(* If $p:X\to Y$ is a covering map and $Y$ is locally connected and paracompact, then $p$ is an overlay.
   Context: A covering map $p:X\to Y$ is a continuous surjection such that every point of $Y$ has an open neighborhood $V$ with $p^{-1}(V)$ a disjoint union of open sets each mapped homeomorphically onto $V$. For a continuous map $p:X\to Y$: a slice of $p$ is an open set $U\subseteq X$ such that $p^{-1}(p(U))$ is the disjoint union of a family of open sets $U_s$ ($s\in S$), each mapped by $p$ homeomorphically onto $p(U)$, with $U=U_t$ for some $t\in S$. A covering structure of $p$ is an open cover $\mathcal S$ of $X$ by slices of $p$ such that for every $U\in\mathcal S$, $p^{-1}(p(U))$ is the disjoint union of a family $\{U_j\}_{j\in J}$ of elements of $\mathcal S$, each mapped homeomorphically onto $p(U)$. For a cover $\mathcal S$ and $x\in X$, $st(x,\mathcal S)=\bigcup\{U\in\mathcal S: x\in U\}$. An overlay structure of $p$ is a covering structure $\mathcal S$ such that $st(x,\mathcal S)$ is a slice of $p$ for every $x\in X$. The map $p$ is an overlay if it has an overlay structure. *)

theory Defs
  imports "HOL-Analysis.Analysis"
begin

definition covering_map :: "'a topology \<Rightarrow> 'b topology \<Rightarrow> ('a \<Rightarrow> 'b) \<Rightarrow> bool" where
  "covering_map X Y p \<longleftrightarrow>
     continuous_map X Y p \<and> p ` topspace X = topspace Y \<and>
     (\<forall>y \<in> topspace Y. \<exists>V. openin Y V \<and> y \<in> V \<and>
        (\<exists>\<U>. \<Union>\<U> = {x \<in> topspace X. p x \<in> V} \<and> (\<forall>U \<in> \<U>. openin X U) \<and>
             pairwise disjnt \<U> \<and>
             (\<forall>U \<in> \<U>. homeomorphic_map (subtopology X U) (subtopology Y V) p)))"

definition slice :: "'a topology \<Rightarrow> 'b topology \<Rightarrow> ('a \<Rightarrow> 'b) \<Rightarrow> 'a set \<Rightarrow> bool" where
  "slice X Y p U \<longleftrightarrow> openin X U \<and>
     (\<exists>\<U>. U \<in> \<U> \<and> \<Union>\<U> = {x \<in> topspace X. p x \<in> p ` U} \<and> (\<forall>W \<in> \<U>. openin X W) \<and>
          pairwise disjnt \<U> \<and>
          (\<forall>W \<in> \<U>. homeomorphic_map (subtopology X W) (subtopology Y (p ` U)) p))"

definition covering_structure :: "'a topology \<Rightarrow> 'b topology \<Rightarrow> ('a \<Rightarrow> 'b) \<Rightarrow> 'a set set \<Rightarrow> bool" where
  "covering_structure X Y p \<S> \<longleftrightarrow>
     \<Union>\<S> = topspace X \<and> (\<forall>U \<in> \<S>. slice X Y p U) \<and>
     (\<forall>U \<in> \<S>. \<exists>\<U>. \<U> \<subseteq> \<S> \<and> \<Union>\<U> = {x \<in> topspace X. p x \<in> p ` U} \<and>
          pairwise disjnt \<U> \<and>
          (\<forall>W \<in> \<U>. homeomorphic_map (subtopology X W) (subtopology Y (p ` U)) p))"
◆ ◆ ◆ ◆ ◆ ◆ ◆
__Exercise requirements__: Word for word, transcribe the complete listing.

__Answer to this problem__:
(* If $p:X\to Y$ is a covering map and $Y$ is locally connected and paracompact, then $p$ is an overlay.
   Context: A covering map $p:X\to Y$ is a continuous surjection such that every point of $Y$ has an open neighborhood $V$ with $p^{-1}(V)$ a disjoint union of open sets each mapped homeomorphically onto $V$. For a continuous map $p:X\to Y$: a slice of $p$ is an open set $U\subseteq X$ such that $p^{-1}(p(U))$ is the disjoint union of a family of open sets $U_s$ ($s\in S$), each mapped by $p$ homeomorphically onto $p(U)$, with $U=U_t$ for some $t\in S$. A covering structure of $p$ is an open cover $\mathcal S$ of $X$ by slices of $p$ such that for every $U\in\mathcal S$, $p^{-1}(p(U))$ is the disjoint union of a family $\{U_j\}_{j\in J}$ of elements of $\mathcal S$, each mapped homeomorphically onto $p(U)$. For a cover $\mathcal S$ and $x\in X$, $st(x,\mathcal S)=\bigcup\{U\in\mathcal S: x\in U\}$. An overlay structure of $p$ is a covering structure $\mathcal S$ such that $st(x,\mathcal S)$ is a slice of $p$ for every $x\in X$. The map $p$ is an overlay if it has an overlay structure. *)

theory Defs
  imports "HOL-Analysis.Analysis"
begin

definition covering_map :: "'a topology \<Rightarrow> 'b topology \<Rightarrow> ('a \<Rightarrow> 'b) \<Rightarrow> bool" where
  "covering_map X Y p \<longleftrightarrow>
     continuous_map X Y p \<and> p ` topspace X = topspace Y \<and>
     (\<forall>y \<in> topspace Y. \<exists>V. openin Y V \<and> y \<in> V \<and>
        (\<exists>\<U>. \<Union>\<U> = {x \<in> topspace X. p x \<in> V} \<and> (\<forall>U \<in> \<U>. openin X U) \<and>
             pairwise disjnt \<U> \<and>
             (\<forall>U \<in> \<U>. homeomorphic_map (subtopology X U) (subtopology Y V) p)))"

definition slice :: "'a topology \<Rightarrow> 'b topology \<Rightarrow> ('a \<Rightarrow> 'b) \<Rightarrow> 'a set \<Rightarrow> bool" where
  "slice X Y p U \<longleftrightarrow> openin X U \<and>
     (\<exists>\<U>. U \<in> \<U> \<and> \<Union>\<U> = {x \<in> topspace X. p x \<in> p ` U} \<and> (\<forall>W \<in> \<U>. openin X W) \<and>
          pairwise disjnt \<U> \<and>
          (\<forall>W \<in> \<U>. homeomorphic_map (subtopology X W) (subtopology Y (p ` U)) p))"

definition covering_structure :: "'a topology \<Rightarrow> 'b topology \<Rightarrow> ('a \<Rightarrow> 'b) \<Rightarrow> 'a set set \<Rightarrow> bool" where
  "covering_structure X Y p \<S> \<longleftrightarrow>
     \<Union>\<S> = topspace X \<and> (\<forall>U \<in> \<S>. slice X Y p U) \<and>
     (\<forall>U \<in> \<S>. \<exists>\<U>. \<U> \<subseteq> \<S> \<and> \<Union>\<U> = {x \<in> topspace X. p x \<in> p ` U} \<and>
          pairwise disjnt \<U> \<and>
          (\<forall>W \<in> \<U>. homeomorphic_map (subtopology X W) (subtopology Y (p ` U)) p))"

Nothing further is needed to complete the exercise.